[[ EXERCISE DATA open ]]

(* Let $G$ be a graph, let $\epsilon,\epsilon'$ be positive constants with $\epsilon+\epsilon'<1/2$, let $K$ be an $\epsilon$-almost-clique-like set of nodes, and let $k$ be an integer. Consider a $k$-bucketing of $K$ chosen uniformly at random (each $v\in K$ independently picks $t(v)\in[k]$ uniformly). Then for each $i\in[k]$, the probability that the $i$-th bucket fails to be $\epsilon'$-almost-clique-preserved is at most $2|K|\exp(-\epsilon'^2|K|/(6k))$.
   Context: $N(v)$ is the set of neighbors of $v$ in $G$. A set $K$ is $\epsilon$-almost-clique-like if $|N(v)\cap K|\ge(1-\epsilon)|K|$ for all $v\in K$. A $k$-bucketing of $K$ assigns $t(v)\in[k]$ to each $v\in K$, with buckets $T_j=\{v\in K:t(v)=j\}$. The $i$-th bucket $T_i$ is $\epsilon'$-almost-clique-preserved if for every $v\in K$, $(1-\epsilon')|N(v)\cap K|/k\le|N(v)\cap T_i|\le(1+\epsilon')|N(v)\cap K|/k$. *)

theory Defs
  imports "HOL-Probability.Probability"
begin

definition nbrs :: "('a \<Rightarrow> 'a \<Rightarrow> bool) \<Rightarrow> 'a \<Rightarrow> 'a set" where
  "nbrs E v = {u. E v u}"

definition almost_clique_like :: "('a \<Rightarrow> 'a \<Rightarrow> bool) \<Rightarrow> real \<Rightarrow> 'a set \<Rightarrow> bool" where
  "almost_clique_like E eps K \<longleftrightarrow>
     (\<forall>v\<in>K. real (card (nbrs E v \<inter> K)) \<ge> (1 - eps) * real (card K))"
(* The following problem is decidable: given a finite alphabet $\mathcal{A}$, a finite set $\mathcal{F}$ of finite patterns on $\mathbb{Z}^d$ and $T\in\mathbb{N}$, does player $A$ have a winning strategy in the game $\Gamma_T^\omega(\mathcal{A},\mathcal{F},\mathbb{Z}^d)$?
   Context: Fix $d\ge1$; use the distance $d(i,j)=\sum_{k=1}^d|i_k-j_k|$ on $\mathbb{Z}^d$, and $d(i,S)=\min_{j\in S}d(i,j)$. A pattern is $p=(S,f)$ with $S\subseteq\mathbb{Z}^d$, $f\in\mathcal{A}^S$; a finite pattern $q=(S',g)$ appears in $p=(S,f)$ if $v+S'\subseteq S$ and $f(v+j)=g(j)$ for all $j\in S'$, for some $v\in\mathbb{Z}^d$. The game $\Gamma_T^\omega(\mathcal{A},\mathcal{F},\mathbb{Z}^d)$: positions are a finite sequence $(p^1,\dots,p^b)$ of finite patterns (boards) together with the player to move; initially the sequence is empty and $A$ moves; players $A$ and $B$ alternate. At turn number $t$ the current player may: pass; add a tile $(i,a)$ ($a\in\mathcal{A}$, $i\notin\operatorname{supp}p^k$) to one existing board $p^k$, provided $d(i,\operatorname{supp}p^k)\le 2^{T-t}$; or open a new board $p^{b+1}=\{(0,a)\}$ for some $a\in\mathcal{A}$. If a pattern of $\mathcal{F}$ appears on some board, the game ends and $A$ wins; if after turn $T$ no such pattern has appeared, $B$ wins. *)

theory Defs
  imports Main "HOL-Library.Nat_Bijection"
begin
lemma mate_neighbour_in_reach_ball:
  assumes "x \<in> reach_ball a k" "{x, v} \<in> E"
  shows "mate v \<in> reach_ball a (Suc k)"
proof (cases "{x, v} \<in> M")
  case True
  have "v = mate x" using mate_unique[OF edge_endpoints(1)[OF assms(2)] True] .
  then have "mate v = x" using mate_mate[OF edge_endpoints(1)[OF assms(2)]] by simp
  then show ?thesis using assms(1) reach_ball_mono[of k "Suc k"] by auto
next
  case False
  obtain j where "j \<le> k" "alt_reach a j x"
    using assms(1) unfolding reach_ball_def by blast
  then show ?thesis
    using alt_reach_snoc[OF _ assms(2) False] unfolding reach_ball_def by fastforce
qed

lemma card_le_card_reach_ball_Suc:
  assumes "a \<in> V" "A \<subseteq> V" "\<And>v. v \<in> A \<Longrightarrow> nbhd V E v \<inter> reach_ball a k \<noteq> {}"
  shows "card A \<le> card (reach_ball a (Suc k))"
proof -
  have "mate v \<in> reach_ball a (Suc k)" if v: "v \<in> A" for v
  proof -
    obtain x where "x \<in> reach_ball a k" "{x, v} \<in> E"
      using assms(3)[OF v] unfolding nbhd_def by blast
    then show ?thesis by (rule mate_neighbour_in_reach_ball)
  qed
  then have "mate ` A \<subseteq> reach_ball a (Suc k)" by blast
  then have "card (mate ` A) \<le> card (reach_ball a (Suc k))"
    using card_mono finite_reach_ball[OF assms(1)] by blast
  moreover have "card (mate ` A) = card A"
    using card_image inj_on_subset[OF inj_on_mate assms(2)] by blast
  ultimately show ?thesis by simp
qed

lemma closed_walk_if_mate_in_reach_ball:
  assumes "a \<in> V" "mate a \<in> reach_ball a k"
  shows "\<exists>xs. shifted_M_walk E M xs \<and> hd xs = a \<and> last xs = a \<and> length xs \<le> 2 * k"
proof -
  obtain j where "j \<le> k" "alt_reach a j (mate a)"
    using assms(2) unfolding reach_ball_def by blast
  then show ?thesis
    using alt_reach_mate_closed_walk[OF _ assms(1), of j] by auto
qed

text \<open>A non-matching edge between two vertices reachable from \<open>a\<close> closes up a walk: go out to one
  end, cross the edge, and return along the reversed walk to the other end.\<close>

lemma mate_in_reach_ball_if_edge:
  assumes "a \<in> V" "x \<in> reach_ball a k" "z \<in> reach_ball a j" "{x, z} \<in> E" "{x, z} \<notin> M"
  shows "mate a \<in> reach_ball a (Suc (k + j))"
proof -
  obtain k1 where k1: "k1 \<le> k" "alt_reach a k1 x"
    using assms(2) unfolding reach_ball_def by blast
  obtain j1 where j1: "j1 \<le> j" "alt_reach a j1 z"
    using assms(3) unfolding reach_ball_def by blast
  have "alt_reach a (Suc k1 + j1) (mate a)"
    using alt_reach_trans[OF alt_reach_snoc[OF k1(2) assms(4,5)]
        alt_reach_reverse[OF j1(2) assms(1)]] .
  then show ?thesis
    using k1(1) j1(1) unfolding reach_ball_def by (auto intro!: exI[of _ "Suc (k1 + j1)"])
qed

lemma reach_ball_stable:
  assumes "reach_ball a (Suc k) = reach_ball a k"
  shows "reach_ball a i \<subseteq> reach_ball a k"
proof -
  have "z \<in> reach_ball a k" if "alt_reach a j z" for j z
    using that
  proof (induction j arbitrary: z)
    case 0
    then show ?case by (simp add: alt_reach_0_iff center_in_reach_ball)
  next
    case (Suc j)
    then obtain s y where "alt_reach a j s" "{s, y} \<in> E" "z = mate y"
      by (elim alt_reach_SucE)
    then have "z \<in> reach_ball a (Suc k)"
      using Suc.IH mate_neighbour_in_reach_ball by blast
    then show ?case unfolding assms .
  qed
  then show ?thesis unfolding reach_ball_def by blast
qed

lemma reach_ball_stabilises:
  assumes "a \<in> V"
  obtains k where "k < card V" "reach_ball a (Suc k) = reach_ball a k"
proof -
  have "\<exists>k < card V. reach_ball a (Suc k) = reach_ball a k"
  proof (rule ccontr)
    assume "\<not> ?thesis"
    then have grows: "reach_ball a i \<subset> reach_ball a (Suc i)" if "i < card V" for i
      using that reach_ball_mono[of i "Suc i" a] by auto
    have "Suc i \<le> card (reach_ball a i)" if "i \<le> card V" for i
      using that
    proof (induction i)
      case 0
      have "reach_ball a 0 \<noteq> {}" using center_in_reach_ball by blast
      then show ?case using finite_reach_ball[OF assms] by (simp add: Suc_le_eq card_gt_0_iff)
    next
      case (Suc i)
      then have "card (reach_ball a i) < card (reach_ball a (Suc i))"
        using psubset_card_mono[OF finite_reach_ball[OF assms] grows] by simp
      then show ?case using Suc by simp
    qed
    then have "Suc (card V) \<le> card (reach_ball a (card V))" by blast
    moreover have "card (reach_ball a (card V)) \<le> card V"
      using card_mono[OF finite_V reach_ball_subset_V[OF assms]] .
    ultimately show False by simp
  qed
  then show thesis using that by blast
qed

lemma min_degree_le_card_reach_ball_1:
  assumes "a \<in> V" "min_degree_ge V E d"
  shows "d \<le> real (card (reach_ball a 1))"
proof -
  have "card (nbhd V E a) \<le> card (reach_ball a (Suc 0))"
  proof (rule card_le_card_reach_ball_Suc[OF assms(1)])
    show "nbhd V E a \<subseteq> V" by (simp add: nbhd_def)
    fix v assume "v \<in> nbhd V E a"
    then have "a \<in> nbhd V E v \<inter> reach_ball a 0"
      using assms(1) center_in_reach_ball by (auto simp: nbhd_def insert_commute)
    then show "nbhd V E v \<inter> reach_ball a 0 \<noteq> {}" by blast
  qed
  then show ?thesis using assms unfolding min_degree_ge_def by force
qed

text \<open>Below the expansion threshold each round adds \<open>\<nu> n\<close> new vertices, because the mates of the
  robust neighbourhood of \<open>reach_ball a k\<close> lie in \<open>reach_ball a (Suc k)\<close>.\<close>

lemma reach_ball_growth:
  assumes a: "a \<in> V" and expander: "robust_expander V E \<nu> \<tau>" "0 < \<nu>"
    and degree: "min_degree_ge V E (\<eta> * real (card V))" "\<tau> \<le> \<eta>"
  shows "(1 - \<tau>) * real (card V) < real (card (reach_ball a (Suc k)))
    \<or> \<eta> * real (card V) + real k * \<nu> * real (card V) \<le> real (card (reach_ball a (Suc k)))"
proof (induction k)
  case 0
  then show ?case using min_degree_le_card_reach_ball_1[OF a degree(1)] by simp
next
  case (Suc k)
  define n where "n = real (card V)"
  define c where "c = real (card (reach_ball a (Suc k)))"
  define c' where "c' = real (card (reach_ball a (Suc (Suc k))))"
  have "0 < n" using a finite_V card_gt_0_iff unfolding n_def by auto
  have "c \<le> c'"
    using card_mono[OF finite_reach_ball[OF a] reach_ball_mono] unfolding c_def c'_def by simp
  show ?case
  proof (cases "(1 - \<tau>) * n < c")
    case True
    then show ?thesis using \<open>c \<le> c'\<close> unfolding n_def c_def c'_def by linarith
  next
    case False
    then have grown: "\<eta> * n + real k * \<nu> * n \<le> c"
      using Suc.IH unfolding n_def c_def by linarith
    moreover have "\<tau> * n \<le> \<eta> * n" "0 \<le> real k * \<nu> * n"
      using \<open>0 < n\<close> degree(2) expander(2) by (simp_all add: mult_right_mono)
    ultimately have "c + \<nu> * n \<le> real (card (robust_nbhd V E \<nu> (reach_ball a (Suc k))))"
      using False expander(1) reach_ball_subset_V[OF a]
      unfolding robust_expander_def n_def c_def by auto
    also have "\<dots> \<le> c'"
    proof -
      have "0 < \<nu> * real (card V)"
        using expander(2) \<open>0 < n\<close> unfolding n_def by simp
      then show ?thesis unfolding c'_def
        by (intro of_nat_mono card_le_card_reach_ball_Suc[OF a robust_nbhd_subset]
            robust_nbhd_meets)
    qed
    finally have "\<eta> * n + real (Suc k) * \<nu> * n \<le> c'"
      using grown by (simp add: algebra_simps)
    then show ?thesis unfolding n_def c'_def by blast
  qed
qed

text \<open>Once \<open>reach_ball a k\<close> has at least \<open>n / 2\<close> vertices, some vertex of it has a non-matching
  neighbour in it, and \<open>mate_in_reach_ball_if_edge\<close> applies.\<close>

lemma mate_in_reach_ball_dense:
  assumes a: "a \<in> V" and expander: "robust_expander V E \<nu> \<tau>" "0 \<le> \<tau>"
    and degree: "min_degree_ge V E (\<eta> * real (card V))" "\<tau> \<le> \<eta>"
    and window: "1 \<le> (1 - 2 * \<tau>) * real (card V)"
    and dense: "1 < \<nu> * real (card V)"
  shows "mate a \<in> reach_ball a (2 * nat \<lceil>1 / (2 * \<nu>)\<rceil> + 3)"
proof -
  define n where "n = real (card V)"
  define K where "K = nat \<lceil>1 / (2 * \<nu>)\<rceil>"
  have K_def': "2 * nat \<lceil>1 / (2 * \<nu>)\<rceil> + 3 = Suc (Suc K + Suc K)"
    unfolding K_def by simp
  define S where "S = reach_ball a (Suc K)"
  have "0 < \<nu> * n" "0 \<le> n"
    using dense unfolding n_def by simp_all
  then have "0 < n" "0 < \<nu>"
    by (auto simp: zero_less_mult_iff)
  have "1 / (2 * \<nu>) * (\<nu> * n) \<le> real K * (\<nu> * n)"
    using \<open>0 < \<nu> * n\<close> unfolding K_def by (intro mult_right_mono real_nat_ceiling_ge) simp
  then have K_large: "n \<le> 2 * (real K * \<nu> * n)"
    using \<open>0 < \<nu>\<close> by (simp add: mult.assoc)
  have "0 \<le> \<eta> * n" "(1 - \<tau>) * n = n - \<tau> * n" "2 * (\<tau> * n) + 1 \<le> n"
    using \<open>0 < n\<close> expander(2) degree(2) window unfolding n_def by (simp_all add: algebra_simps)
  then have "n \<le> 2 * real (card S)"
    using reach_ball_growth[OF a expander(1) \<open>0 < \<nu>\<close> degree, of K] K_large
    unfolding S_def n_def[symmetric] by linarith
  then obtain y where y: "y \<in> robust_nbhd V E \<nu> S" "y \<in> S"
    using robust_expander_large_set_meets_robust_nbhd[OF finite_V expander
        reach_ball_subset_V[OF a] _ window dense]
    unfolding n_def S_def by blast
  then have "2 \<le> card (nbhd V E y \<inter> S)"
    using dense unfolding robust_nbhd_def by auto
  then obtain x where "x \<in> S" "{x, y} \<in> E" "{x, y} \<notin> M"
    using non_matching_neighbour y unfolding robust_nbhd_def by blast
  then have "mate a \<in> reach_ball a (Suc (Suc K + Suc K))"
    using mate_in_reach_ball_if_edge[OF a] y(2) unfolding S_def by blast
  then show ?thesis unfolding K_def' .
qed
definition "a n = \<phi> (e (GL n)) (GY (n + j))"
definition "b n = \<phi> (e (GM n)) (GY (n + j))"
definition "\<gamma> = \<phi> (e GC) (GY j)"
definition "c n = \<phi> (e (GY n)) (GL (n + j + 1))"
definition "d n = \<phi> (e (GY n)) (GM (n + j + 1))"
definition "f n = \<phi> (e (GY n)) GC"

lemma image_GL: "\<phi> (e (GL n)) = vsmul (a n) (e (GY (n + j)))"
proof (rule ext)
  fix h
  show "\<phi> (e (GL n)) h = vsmul (a n) (e (GY (n + j))) h"
    by (cases h; simp add: vec_apply a_def; intro impI coeff_eq_0; simp; presburger)
qed

lemma image_GM: "\<phi> (e (GM n)) = vsmul (b n) (e (GY (n + j)))"
proof (rule ext)
  fix h
  show "\<phi> (e (GM n)) h = vsmul (b n) (e (GY (n + j))) h"
    by (cases h; simp add: vec_apply b_def; intro impI coeff_eq_0; simp; presburger)
qed

lemma image_GC: "\<phi> (e GC) = vsmul \<gamma> (e (GY j))"
proof (rule ext)
  fix h
  show "\<phi> (e GC) h = vsmul \<gamma> (e (GY j)) h"
    by (cases h; simp add: vec_apply \<gamma>_def; intro impI coeff_eq_0; simp; presburger)
qed

lemma image_GY:
  "\<phi> (e (GY n)) = vadd (vsmul (c n) (e (GL (n + j + 1))))
     (vadd (vsmul (d n) (e (GM (n + j + 1)))) (vsmul (f n) (e GC)))"
proof (rule ext)
  fix h
  show "\<phi> (e (GY n)) h = vadd (vsmul (c n) (e (GL (n + j + 1))))
     (vadd (vsmul (d n) (e (GM (n + j + 1)))) (vsmul (f n) (e GC))) h"
    by (cases h; simp add: vec_apply c_def d_def f_def; intro impI coeff_eq_0; simp; presburger)
qed

lemmas image_simps = image_GL image_GM image_GC image_GY vadd_apply vsmul_apply vzero_apply
  is_linear_vadd[OF linear] is_linear_vsmul[OF linear] is_linear_vzero[OF linear]
  br_vadd_left br_vadd_right br_vsmul_left br_vsmul_right

text \<open>\<open>XY_at_Z\<close> is the half-derivation identity on the pair \<open>(X_m, Y_n)\<close>, read off at the
  \<open>Z\<close>-coordinate.\<close>

lemma LY_at_L:
  "2 * (of_int n + 1/2 - (la + 1)/2 * of_int m + mu) * c (m + n) = c n * of_int (n + j + 1 - m)"
  using basis_rule[of "GL m" "GY n" "GL (m + n + j + 1)"]
  by (simp add: image_simps) (simp add: e_apply algebra_simps)

lemma LY_at_M:
  "2 * (of_int n + 1/2 - (la + 1)/2 * of_int m + mu) * d (m + n)
     = a m * of_int (n - m - j) + d n * (of_int (n + j + 1) - la * of_int m + 2 * mu)"
  using basis_rule[of "GL m" "GY n" "GM (m + n + j + 1)"]
  by (simp add: image_simps) (simp add: e_apply algebra_simps)

lemma MY_at_M: "b m * of_int (n - m - j) = c n * (of_int m - la * of_int (n + j + 1) + 2 * mu)"
  using basis_rule[of "GM m" "GY n" "GM (m + n + j + 1)"]
  by (simp add: image_simps) (simp add: e_apply algebra_simps)

lemma CY_at_M: "\<gamma> * of_int (n - j) = 0"
  using basis_rule[of GC "GY n" "GM (n + j + 1)"]
  by (simp add: image_simps e_apply)

lemma LL_at_Y:
  assumes "m + n \<noteq> 0"
  shows "2 * of_int (n - m) * a (m + n)
    = a n * (of_int (n + j) + 1/2 - (la + 1)/2 * of_int m + mu)
      - a m * (of_int (m + j) + 1/2 - (la + 1)/2 * of_int n + mu)"
  using basis_rule[of "GL m" "GL n" "GY (m + n + j)"] assms
  by (simp add: image_simps) (simp add: e_apply algebra_simps)

lemma \<gamma>_eq_0: "\<gamma> = 0"
  using CY_at_M[of "j + 1"] by simp

lemma c_eq_0: "c n = 0"
proof (rule ccontr)
  assume cn: "c n \<noteq> 0"
  have L0: "c k * (of_int k + 2 * mu - of_int j) = 0" for k
    using LY_at_L[where m = 0 and n = k] by (simp add: algebra_simps)
  from L0[of n] cn have "of_int n + 2 * mu - of_int j = 0"
    by simp
  then have mu: "2 * mu = of_int (j - n)"
    by (simp add: algebra_simps eq_diff_eq)
  from L0[of "n + 1"] L0[of "n + 2"] have "c (1 + n) = 0" "c (2 + n) = 0"
    by (simp_all add: mu add.commute)
  with LY_at_L[where m = 1 and n = n] LY_at_L[where m = 2 and n = n] cn
  have "(of_int (n + j) :: complex) = 0" "(of_int (n + j - 1) :: complex) = 0"
    by simp_all
  then show False
    by simp
qed

lemma b_eq_0: "b m = 0"
  using MY_at_M[where m = m and n = "m + j + 1"] by (simp add: c_eq_0)

lemma LY_at_C: "(of_int n + 1/2 - (la + 1)/2 * of_int m + mu) * f (m + n) = 0"
  using basis_rule[of "GL m" "GY n" GC]
  by (simp add: image_simps c_eq_0) (simp add: e_apply)

lemma f_eq_0:
  assumes "\<not> (la = -3 \<and> (\<exists>k::int. mu = of_int k + 1/2))"
  shows "f n = 0"
proof (rule ccontr)
  assume fn: "f n \<noteq> 0"
  from LY_at_C[where m = 0 and n = n] LY_at_C[where m = 1 and n = "n - 1"] fn
  have A: "of_int n + 1/2 + mu = 0" and B: "of_int (n - 1) + 1/2 - (la + 1)/2 + mu = 0"
    by simp_all
  have "la + 3 = 2 * ((of_int n + 1/2 + mu) - (of_int (n - 1) + 1/2 - (la + 1)/2 + mu))"
    by (simp add: field_simps)
  then have "la = -3"
    unfolding A B by (simp add: add_eq_0_iff2)
  moreover have "mu = of_int (- n - 1) + 1/2"
  proof -
    have "mu = (of_int n + 1/2 + mu) + of_int (- n - 1) + 1/2"
      by simp
    then show ?thesis
      unfolding A by simp
  qed
  ultimately show False
    using assms by blast
qed

lemma d_eq_a0_if_ne: "n \<noteq> j \<Longrightarrow> d n = a 0"
proof -
  have "(d n - a 0) * of_int (n - j) = 0"
    using LY_at_M[where m = 0 and n = n] by (simp add: algebra_simps)
  then show "n \<noteq> j \<Longrightarrow> d n = a 0"
    by simp
qed

lemma a_eq_a0: "a m = a 0"
proof -
  define N where "N = 2 * \<bar>m\<bar> + 2 * \<bar>j\<bar> + 1"
  have N: "N \<noteq> j" "m + N \<noteq> j" "N - m - j \<noteq> 0"
    unfolding N_def by auto
  have "(a m - a 0) * of_int (N - m - j) = 0"
    using LY_at_M[where m = m and n = N] d_eq_a0_if_ne[OF N(1)] d_eq_a0_if_ne[OF N(2)]
    by (simp add: add.commute) algebra
  moreover have "(of_int (N - m - j) :: complex) \<noteq> 0"
    using N(3) of_int_eq_0_iff by blast
  ultimately show ?thesis
    by (metis mult_eq_0_iff eq_iff_diff_eq_0)
qed

lemma d_eq_a0: "d n = a 0"
proof (cases "n = j")
  case True
  have "(d j - a 0) * (2 * of_int j + 1 - la + 2 * mu) = 0"
    using LY_at_M[where m = 1 and n = j] d_eq_a0_if_ne[of "1 + j"] a_eq_a0[of 1]
    by simp algebra
  moreover have "(d j - a 0) * (2 * of_int j - 2 - la + 2 * mu) = 0"
    using LY_at_M[where m = 1 and n = "j - 1"] d_eq_a0_if_ne[of "j - 1"] a_eq_a0[of 1]
    by simp algebra
  moreover have "2 * of_int j + 1 - la + 2 * mu \<noteq> 2 * of_int j - 2 - la + 2 * mu"
    by simp
  ultimately show ?thesis
    using True by (metis mult_eq_0_iff eq_iff_diff_eq_0)
qed (rule d_eq_a0_if_ne)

[[ EXERCISE DATA closed ]]

### WORK ITEM
Identify the lines in the entries that hold "induction" and return each one.

### RESPONSE
  proof (induction j arbitrary: z)
    proof (induction i)
proof (induction k)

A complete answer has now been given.